__About this task__
Starting at the line that contains "right. If w'" and ending at the line that contains "using T \<open>i < i'\<close> by simp", the lines below are to be given again exactly, with nothing added.

═══ Given information

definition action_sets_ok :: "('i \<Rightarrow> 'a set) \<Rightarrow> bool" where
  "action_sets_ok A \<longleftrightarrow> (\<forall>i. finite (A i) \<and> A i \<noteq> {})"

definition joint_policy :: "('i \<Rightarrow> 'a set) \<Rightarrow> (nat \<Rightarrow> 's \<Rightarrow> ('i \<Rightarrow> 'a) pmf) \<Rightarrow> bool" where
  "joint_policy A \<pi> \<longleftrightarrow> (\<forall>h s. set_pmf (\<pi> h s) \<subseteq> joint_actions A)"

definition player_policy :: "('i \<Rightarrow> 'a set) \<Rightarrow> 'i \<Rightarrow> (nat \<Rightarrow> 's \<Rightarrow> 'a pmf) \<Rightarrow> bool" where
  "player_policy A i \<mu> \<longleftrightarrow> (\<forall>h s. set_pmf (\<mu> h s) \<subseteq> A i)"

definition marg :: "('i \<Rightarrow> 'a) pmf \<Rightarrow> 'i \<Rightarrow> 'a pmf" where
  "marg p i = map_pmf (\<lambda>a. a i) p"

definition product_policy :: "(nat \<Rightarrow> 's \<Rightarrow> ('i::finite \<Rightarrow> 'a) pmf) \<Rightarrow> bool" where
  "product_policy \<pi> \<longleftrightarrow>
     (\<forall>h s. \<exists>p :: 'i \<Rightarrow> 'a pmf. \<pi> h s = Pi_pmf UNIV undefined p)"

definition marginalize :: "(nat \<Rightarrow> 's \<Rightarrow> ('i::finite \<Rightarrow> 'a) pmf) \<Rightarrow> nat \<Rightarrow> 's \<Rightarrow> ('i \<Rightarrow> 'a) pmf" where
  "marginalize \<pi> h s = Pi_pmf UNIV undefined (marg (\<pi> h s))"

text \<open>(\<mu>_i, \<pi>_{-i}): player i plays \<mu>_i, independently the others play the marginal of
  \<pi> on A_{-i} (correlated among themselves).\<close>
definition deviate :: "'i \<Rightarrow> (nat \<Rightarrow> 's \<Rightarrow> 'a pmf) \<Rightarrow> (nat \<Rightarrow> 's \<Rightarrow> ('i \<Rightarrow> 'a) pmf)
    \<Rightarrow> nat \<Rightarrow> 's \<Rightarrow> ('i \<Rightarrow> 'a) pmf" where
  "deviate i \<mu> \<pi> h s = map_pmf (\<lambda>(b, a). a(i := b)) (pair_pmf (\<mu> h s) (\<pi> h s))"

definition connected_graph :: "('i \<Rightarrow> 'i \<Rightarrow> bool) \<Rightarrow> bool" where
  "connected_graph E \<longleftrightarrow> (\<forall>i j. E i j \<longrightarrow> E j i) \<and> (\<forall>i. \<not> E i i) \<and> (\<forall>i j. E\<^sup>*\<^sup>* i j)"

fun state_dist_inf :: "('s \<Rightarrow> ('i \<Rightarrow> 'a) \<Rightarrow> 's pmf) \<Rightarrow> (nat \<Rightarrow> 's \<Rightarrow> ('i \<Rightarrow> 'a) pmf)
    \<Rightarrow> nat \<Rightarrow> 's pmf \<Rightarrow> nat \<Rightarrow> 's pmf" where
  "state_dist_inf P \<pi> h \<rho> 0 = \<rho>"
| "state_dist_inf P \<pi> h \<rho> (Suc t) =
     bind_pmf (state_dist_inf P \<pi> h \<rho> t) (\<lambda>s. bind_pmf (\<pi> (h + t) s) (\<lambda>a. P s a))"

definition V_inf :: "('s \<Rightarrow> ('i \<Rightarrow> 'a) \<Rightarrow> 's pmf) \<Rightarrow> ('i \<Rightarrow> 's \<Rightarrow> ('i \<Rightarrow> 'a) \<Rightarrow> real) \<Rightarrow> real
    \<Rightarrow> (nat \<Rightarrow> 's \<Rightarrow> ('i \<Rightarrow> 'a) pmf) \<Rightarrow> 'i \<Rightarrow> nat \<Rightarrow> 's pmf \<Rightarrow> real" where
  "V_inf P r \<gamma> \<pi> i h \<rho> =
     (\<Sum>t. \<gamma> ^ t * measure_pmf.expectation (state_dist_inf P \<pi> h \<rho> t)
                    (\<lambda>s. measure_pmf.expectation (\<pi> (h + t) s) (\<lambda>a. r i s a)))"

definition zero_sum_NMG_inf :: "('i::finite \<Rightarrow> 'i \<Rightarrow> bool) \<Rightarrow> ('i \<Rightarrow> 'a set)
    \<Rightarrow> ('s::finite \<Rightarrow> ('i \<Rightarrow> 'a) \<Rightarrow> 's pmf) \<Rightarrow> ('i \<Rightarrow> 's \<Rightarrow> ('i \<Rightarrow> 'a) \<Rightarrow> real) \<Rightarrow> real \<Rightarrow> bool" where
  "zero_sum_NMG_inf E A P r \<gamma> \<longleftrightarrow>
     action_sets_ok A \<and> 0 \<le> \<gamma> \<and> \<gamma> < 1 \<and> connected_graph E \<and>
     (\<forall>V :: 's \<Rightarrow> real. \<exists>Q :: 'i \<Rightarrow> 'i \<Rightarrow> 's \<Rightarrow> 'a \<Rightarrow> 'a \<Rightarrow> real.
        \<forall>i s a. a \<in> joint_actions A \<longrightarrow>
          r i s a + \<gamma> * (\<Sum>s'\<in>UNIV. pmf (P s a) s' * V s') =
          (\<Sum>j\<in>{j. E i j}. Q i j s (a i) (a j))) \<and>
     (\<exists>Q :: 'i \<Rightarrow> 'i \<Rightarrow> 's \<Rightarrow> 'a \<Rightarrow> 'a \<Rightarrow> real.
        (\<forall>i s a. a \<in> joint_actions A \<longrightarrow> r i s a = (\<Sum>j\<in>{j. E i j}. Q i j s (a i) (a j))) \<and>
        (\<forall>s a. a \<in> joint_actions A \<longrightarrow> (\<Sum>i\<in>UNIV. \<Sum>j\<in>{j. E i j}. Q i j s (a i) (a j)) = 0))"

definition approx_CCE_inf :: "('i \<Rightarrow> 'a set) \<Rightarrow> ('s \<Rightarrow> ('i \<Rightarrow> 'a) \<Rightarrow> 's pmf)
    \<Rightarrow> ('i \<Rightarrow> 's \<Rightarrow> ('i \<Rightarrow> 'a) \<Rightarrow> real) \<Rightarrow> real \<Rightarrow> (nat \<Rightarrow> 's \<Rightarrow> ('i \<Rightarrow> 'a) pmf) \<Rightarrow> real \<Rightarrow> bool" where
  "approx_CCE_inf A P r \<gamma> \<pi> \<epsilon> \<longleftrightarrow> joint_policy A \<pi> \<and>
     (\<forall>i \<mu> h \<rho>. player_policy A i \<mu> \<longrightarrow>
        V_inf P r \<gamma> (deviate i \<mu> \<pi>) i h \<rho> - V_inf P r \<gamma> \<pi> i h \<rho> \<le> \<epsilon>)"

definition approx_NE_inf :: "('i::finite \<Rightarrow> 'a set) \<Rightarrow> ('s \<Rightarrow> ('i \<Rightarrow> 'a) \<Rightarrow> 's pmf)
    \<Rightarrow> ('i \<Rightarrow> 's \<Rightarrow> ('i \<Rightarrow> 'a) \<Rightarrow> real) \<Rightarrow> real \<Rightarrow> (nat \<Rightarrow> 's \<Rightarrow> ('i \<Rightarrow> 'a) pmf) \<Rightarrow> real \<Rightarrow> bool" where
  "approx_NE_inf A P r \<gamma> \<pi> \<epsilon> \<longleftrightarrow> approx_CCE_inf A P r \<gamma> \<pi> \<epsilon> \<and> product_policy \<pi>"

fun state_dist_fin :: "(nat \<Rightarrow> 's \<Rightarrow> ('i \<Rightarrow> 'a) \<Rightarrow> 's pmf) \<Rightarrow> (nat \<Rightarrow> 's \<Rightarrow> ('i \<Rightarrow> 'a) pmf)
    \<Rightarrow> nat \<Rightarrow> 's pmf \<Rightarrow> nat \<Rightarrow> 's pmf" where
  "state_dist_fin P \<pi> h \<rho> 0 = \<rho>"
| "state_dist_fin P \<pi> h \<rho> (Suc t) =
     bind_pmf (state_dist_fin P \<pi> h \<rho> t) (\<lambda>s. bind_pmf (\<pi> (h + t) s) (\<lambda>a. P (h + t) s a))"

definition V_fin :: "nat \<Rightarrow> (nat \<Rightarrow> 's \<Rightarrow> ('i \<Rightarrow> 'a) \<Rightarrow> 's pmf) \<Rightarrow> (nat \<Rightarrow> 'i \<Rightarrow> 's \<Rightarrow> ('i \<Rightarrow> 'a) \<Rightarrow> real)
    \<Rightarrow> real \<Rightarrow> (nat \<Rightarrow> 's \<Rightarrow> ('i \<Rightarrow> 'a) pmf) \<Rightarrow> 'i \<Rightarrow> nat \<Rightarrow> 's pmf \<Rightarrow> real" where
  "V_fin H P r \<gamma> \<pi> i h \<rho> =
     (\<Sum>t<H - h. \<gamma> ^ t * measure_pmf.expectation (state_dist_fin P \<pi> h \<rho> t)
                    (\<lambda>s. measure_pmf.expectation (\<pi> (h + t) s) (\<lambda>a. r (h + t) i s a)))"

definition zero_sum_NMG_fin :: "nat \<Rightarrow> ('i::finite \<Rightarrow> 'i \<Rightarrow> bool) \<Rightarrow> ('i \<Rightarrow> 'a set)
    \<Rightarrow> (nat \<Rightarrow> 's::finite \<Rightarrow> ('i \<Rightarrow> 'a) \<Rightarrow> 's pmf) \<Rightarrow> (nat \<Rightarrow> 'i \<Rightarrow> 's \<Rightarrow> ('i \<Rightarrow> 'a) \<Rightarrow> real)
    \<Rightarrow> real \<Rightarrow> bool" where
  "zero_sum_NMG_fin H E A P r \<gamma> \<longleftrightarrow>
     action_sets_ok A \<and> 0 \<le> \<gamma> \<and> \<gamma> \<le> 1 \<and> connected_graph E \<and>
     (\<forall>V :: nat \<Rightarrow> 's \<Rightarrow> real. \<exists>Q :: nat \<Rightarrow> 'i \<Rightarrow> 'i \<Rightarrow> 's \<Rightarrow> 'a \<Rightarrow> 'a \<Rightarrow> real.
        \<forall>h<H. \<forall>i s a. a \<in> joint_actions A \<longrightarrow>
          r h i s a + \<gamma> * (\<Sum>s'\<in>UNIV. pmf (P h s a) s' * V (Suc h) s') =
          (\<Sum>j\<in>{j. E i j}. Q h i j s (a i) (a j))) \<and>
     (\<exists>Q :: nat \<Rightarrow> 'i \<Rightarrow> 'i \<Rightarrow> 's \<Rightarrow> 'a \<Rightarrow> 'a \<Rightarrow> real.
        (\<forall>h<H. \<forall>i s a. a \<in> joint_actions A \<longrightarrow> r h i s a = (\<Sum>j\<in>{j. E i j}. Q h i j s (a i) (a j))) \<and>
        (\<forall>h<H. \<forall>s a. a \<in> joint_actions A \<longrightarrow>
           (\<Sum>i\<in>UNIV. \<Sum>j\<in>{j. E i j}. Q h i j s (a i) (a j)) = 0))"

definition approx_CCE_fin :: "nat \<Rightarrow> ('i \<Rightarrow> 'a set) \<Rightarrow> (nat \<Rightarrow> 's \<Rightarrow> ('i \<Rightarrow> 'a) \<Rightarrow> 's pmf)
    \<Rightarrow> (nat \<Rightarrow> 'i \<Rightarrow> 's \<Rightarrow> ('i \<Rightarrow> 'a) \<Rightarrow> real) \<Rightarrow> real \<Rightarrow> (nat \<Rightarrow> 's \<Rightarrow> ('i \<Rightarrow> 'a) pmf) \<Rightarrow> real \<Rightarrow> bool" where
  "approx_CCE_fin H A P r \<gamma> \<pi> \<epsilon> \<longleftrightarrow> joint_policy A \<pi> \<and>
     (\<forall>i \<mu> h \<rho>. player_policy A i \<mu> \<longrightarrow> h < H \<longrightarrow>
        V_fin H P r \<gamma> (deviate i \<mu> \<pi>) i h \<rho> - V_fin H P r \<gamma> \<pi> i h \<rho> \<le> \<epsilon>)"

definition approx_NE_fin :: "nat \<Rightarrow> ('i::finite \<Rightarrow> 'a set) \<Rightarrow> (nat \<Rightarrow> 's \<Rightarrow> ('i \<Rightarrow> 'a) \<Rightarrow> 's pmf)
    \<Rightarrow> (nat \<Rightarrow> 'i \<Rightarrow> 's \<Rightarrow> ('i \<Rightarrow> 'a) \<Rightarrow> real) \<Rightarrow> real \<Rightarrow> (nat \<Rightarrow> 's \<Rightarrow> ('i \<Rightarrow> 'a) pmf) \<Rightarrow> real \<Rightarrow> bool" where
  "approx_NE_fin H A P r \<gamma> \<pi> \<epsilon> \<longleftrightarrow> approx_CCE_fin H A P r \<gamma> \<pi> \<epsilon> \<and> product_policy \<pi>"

══════
═══ Given information

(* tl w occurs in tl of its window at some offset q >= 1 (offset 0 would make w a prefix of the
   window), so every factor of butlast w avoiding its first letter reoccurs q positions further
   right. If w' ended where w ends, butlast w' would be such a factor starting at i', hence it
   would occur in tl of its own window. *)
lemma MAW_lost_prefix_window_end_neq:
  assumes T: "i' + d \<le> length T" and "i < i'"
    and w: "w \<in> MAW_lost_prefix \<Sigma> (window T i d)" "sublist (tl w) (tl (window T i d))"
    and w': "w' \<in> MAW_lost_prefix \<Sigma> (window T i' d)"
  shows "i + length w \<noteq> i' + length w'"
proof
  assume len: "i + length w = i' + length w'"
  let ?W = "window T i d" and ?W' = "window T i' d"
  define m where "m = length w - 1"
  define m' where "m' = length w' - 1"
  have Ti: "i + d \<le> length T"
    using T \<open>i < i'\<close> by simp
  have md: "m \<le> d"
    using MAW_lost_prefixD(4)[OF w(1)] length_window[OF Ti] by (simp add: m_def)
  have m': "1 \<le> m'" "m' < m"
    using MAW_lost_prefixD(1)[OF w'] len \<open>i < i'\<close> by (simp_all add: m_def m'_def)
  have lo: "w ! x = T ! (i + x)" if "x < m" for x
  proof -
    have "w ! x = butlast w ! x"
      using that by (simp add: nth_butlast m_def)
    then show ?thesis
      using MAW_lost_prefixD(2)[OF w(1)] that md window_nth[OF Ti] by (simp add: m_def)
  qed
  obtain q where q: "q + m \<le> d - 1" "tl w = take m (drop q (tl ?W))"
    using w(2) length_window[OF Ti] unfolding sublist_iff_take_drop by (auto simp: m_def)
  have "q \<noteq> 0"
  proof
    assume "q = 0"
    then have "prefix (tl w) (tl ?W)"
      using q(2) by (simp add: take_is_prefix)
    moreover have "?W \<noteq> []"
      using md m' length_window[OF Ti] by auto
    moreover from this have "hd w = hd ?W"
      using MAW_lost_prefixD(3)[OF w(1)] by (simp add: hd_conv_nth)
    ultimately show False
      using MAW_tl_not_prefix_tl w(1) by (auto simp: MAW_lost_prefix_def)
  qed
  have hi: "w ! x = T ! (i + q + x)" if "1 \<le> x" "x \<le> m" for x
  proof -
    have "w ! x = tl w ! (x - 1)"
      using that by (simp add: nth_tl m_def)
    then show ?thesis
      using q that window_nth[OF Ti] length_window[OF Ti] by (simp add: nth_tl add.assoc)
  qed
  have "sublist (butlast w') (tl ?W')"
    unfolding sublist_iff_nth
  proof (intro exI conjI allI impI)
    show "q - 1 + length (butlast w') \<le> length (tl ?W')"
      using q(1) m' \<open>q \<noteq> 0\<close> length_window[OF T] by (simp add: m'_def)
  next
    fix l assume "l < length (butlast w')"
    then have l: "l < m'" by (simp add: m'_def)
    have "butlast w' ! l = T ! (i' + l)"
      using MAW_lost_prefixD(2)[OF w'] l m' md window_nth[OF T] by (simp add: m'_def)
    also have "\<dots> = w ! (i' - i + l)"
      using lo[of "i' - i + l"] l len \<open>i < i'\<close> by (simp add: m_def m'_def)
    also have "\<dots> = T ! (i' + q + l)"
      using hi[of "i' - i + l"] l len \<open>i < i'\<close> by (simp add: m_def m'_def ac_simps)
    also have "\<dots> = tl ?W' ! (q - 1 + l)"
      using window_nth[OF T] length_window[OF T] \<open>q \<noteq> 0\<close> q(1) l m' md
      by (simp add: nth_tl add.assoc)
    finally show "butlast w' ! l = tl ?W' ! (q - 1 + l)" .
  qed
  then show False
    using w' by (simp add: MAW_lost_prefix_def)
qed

══════
═══ Given information

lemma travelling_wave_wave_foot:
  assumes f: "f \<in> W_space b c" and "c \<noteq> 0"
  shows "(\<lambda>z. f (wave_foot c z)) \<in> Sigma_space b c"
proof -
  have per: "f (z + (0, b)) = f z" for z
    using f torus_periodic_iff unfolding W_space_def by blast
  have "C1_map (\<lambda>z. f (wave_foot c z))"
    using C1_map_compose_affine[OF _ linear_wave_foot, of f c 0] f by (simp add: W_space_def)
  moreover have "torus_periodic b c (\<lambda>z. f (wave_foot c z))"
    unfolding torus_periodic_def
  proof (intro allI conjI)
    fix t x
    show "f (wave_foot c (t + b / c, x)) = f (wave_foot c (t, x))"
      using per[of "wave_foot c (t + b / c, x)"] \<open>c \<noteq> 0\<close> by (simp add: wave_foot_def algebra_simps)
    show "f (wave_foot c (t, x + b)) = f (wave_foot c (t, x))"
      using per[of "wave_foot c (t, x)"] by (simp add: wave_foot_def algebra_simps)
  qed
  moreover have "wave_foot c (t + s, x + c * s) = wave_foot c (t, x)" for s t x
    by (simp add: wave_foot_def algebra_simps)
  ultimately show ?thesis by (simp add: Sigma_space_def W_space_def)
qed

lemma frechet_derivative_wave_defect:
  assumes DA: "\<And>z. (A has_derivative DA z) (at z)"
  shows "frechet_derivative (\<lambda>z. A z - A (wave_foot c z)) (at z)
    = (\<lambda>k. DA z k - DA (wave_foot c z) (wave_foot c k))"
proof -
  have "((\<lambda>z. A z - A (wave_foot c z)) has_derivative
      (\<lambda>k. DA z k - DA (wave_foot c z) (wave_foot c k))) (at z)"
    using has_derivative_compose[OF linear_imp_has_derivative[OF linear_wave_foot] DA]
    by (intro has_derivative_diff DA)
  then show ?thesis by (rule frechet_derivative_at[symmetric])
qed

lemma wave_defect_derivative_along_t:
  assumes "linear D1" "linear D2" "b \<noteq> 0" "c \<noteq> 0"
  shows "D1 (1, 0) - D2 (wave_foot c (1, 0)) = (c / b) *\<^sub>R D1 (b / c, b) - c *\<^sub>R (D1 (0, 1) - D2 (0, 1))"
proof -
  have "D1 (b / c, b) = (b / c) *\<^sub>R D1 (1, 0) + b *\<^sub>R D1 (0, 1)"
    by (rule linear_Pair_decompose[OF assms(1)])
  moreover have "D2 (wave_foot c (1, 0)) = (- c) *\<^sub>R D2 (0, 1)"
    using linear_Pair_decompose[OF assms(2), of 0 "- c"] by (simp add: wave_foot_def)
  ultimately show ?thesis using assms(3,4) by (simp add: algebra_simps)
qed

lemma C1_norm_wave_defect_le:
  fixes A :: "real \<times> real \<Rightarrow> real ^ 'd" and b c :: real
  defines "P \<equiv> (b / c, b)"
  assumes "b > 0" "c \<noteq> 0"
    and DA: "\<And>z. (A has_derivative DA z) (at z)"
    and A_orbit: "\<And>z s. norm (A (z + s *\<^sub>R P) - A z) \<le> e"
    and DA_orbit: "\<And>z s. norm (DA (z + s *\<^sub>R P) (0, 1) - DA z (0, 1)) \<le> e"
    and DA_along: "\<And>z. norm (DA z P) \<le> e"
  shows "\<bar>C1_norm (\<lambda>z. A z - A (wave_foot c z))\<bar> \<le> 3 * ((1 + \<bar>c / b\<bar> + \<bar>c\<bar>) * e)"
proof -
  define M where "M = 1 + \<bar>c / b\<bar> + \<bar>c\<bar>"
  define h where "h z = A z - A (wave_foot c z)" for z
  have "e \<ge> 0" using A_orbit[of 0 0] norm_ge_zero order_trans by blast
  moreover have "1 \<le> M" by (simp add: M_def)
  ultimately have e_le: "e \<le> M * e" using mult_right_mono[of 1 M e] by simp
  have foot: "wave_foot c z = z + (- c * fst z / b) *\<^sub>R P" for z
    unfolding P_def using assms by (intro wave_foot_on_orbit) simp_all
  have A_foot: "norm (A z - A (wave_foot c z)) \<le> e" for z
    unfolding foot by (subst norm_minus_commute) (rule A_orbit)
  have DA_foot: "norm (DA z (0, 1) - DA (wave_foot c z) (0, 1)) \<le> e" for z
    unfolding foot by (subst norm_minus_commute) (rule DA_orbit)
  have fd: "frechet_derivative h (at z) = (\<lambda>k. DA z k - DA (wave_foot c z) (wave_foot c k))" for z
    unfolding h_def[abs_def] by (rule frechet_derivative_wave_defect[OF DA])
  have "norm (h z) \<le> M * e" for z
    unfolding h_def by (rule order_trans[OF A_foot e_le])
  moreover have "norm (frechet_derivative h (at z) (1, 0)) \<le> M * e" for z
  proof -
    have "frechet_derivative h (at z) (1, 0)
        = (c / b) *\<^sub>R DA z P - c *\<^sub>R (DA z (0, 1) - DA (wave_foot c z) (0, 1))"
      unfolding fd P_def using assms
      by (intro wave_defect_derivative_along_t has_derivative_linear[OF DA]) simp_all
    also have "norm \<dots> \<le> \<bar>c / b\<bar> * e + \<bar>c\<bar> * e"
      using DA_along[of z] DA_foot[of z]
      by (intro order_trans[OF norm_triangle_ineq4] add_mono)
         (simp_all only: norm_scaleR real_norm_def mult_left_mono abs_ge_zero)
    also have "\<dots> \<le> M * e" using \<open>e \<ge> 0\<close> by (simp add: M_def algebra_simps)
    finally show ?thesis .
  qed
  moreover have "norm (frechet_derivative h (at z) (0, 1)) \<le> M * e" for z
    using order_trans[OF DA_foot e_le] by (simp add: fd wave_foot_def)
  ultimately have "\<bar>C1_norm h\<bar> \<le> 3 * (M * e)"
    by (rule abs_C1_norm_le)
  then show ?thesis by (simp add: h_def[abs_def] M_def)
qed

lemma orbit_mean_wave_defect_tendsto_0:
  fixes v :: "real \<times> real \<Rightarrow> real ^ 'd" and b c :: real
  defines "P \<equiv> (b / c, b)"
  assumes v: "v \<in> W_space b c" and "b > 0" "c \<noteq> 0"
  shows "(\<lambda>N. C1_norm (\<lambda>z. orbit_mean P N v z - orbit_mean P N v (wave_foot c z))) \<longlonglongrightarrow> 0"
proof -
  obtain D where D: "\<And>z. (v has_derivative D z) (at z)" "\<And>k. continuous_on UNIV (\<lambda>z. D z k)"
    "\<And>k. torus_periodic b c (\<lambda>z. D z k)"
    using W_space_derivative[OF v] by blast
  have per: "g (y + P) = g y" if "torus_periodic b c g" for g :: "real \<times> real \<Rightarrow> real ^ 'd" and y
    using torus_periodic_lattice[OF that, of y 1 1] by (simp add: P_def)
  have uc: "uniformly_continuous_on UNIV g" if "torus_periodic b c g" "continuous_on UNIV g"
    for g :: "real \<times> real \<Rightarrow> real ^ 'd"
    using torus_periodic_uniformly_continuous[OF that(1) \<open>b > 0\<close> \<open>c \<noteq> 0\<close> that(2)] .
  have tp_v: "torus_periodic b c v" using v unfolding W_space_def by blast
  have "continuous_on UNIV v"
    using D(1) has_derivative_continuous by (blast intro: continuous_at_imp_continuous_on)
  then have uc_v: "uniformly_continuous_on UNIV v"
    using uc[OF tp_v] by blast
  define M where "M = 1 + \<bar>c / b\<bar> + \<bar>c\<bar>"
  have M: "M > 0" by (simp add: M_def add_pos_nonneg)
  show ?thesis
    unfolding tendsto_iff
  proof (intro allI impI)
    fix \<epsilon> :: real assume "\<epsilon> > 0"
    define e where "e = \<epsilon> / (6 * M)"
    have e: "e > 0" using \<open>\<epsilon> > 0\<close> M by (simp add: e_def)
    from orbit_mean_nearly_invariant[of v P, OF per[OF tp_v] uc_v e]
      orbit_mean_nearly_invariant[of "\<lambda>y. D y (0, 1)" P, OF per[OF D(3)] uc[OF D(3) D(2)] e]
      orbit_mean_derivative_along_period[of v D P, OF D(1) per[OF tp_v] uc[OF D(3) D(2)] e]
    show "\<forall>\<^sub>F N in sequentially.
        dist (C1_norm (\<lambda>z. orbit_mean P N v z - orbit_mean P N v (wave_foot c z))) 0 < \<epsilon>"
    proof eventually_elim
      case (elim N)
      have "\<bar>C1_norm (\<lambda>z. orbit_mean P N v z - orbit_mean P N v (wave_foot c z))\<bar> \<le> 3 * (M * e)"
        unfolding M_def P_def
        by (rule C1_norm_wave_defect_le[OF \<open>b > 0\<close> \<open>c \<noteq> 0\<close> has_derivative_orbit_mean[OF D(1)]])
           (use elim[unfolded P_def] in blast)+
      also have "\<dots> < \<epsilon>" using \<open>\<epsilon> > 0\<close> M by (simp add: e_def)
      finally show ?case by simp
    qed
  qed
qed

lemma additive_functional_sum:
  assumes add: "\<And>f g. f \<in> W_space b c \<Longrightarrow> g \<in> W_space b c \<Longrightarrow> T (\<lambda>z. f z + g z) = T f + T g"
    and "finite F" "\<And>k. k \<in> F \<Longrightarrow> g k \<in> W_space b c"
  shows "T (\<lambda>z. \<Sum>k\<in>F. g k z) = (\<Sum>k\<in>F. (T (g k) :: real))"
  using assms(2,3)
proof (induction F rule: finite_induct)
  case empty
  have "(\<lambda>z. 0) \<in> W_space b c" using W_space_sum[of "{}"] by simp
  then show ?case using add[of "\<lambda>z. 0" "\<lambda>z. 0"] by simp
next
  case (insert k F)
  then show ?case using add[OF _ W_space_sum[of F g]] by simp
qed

══════

__Finished task__
   right. If w' ended where w ends, butlast w' would be such a factor starting at i', hence it
   would occur in tl of its own window. *)
lemma MAW_lost_prefix_window_end_neq:
  assumes T: "i' + d \<le> length T" and "i < i'"
    and w: "w \<in> MAW_lost_prefix \<Sigma> (window T i d)" "sublist (tl w) (tl (window T i d))"
    and w': "w' \<in> MAW_lost_prefix \<Sigma> (window T i' d)"
  shows "i + length w \<noteq> i' + length w'"
proof
  assume len: "i + length w = i' + length w'"
  let ?W = "window T i d" and ?W' = "window T i' d"
  define m where "m = length w - 1"
  define m' where "m' = length w' - 1"
  have Ti: "i + d \<le> length T"
    using T \<open>i < i'\<close> by simp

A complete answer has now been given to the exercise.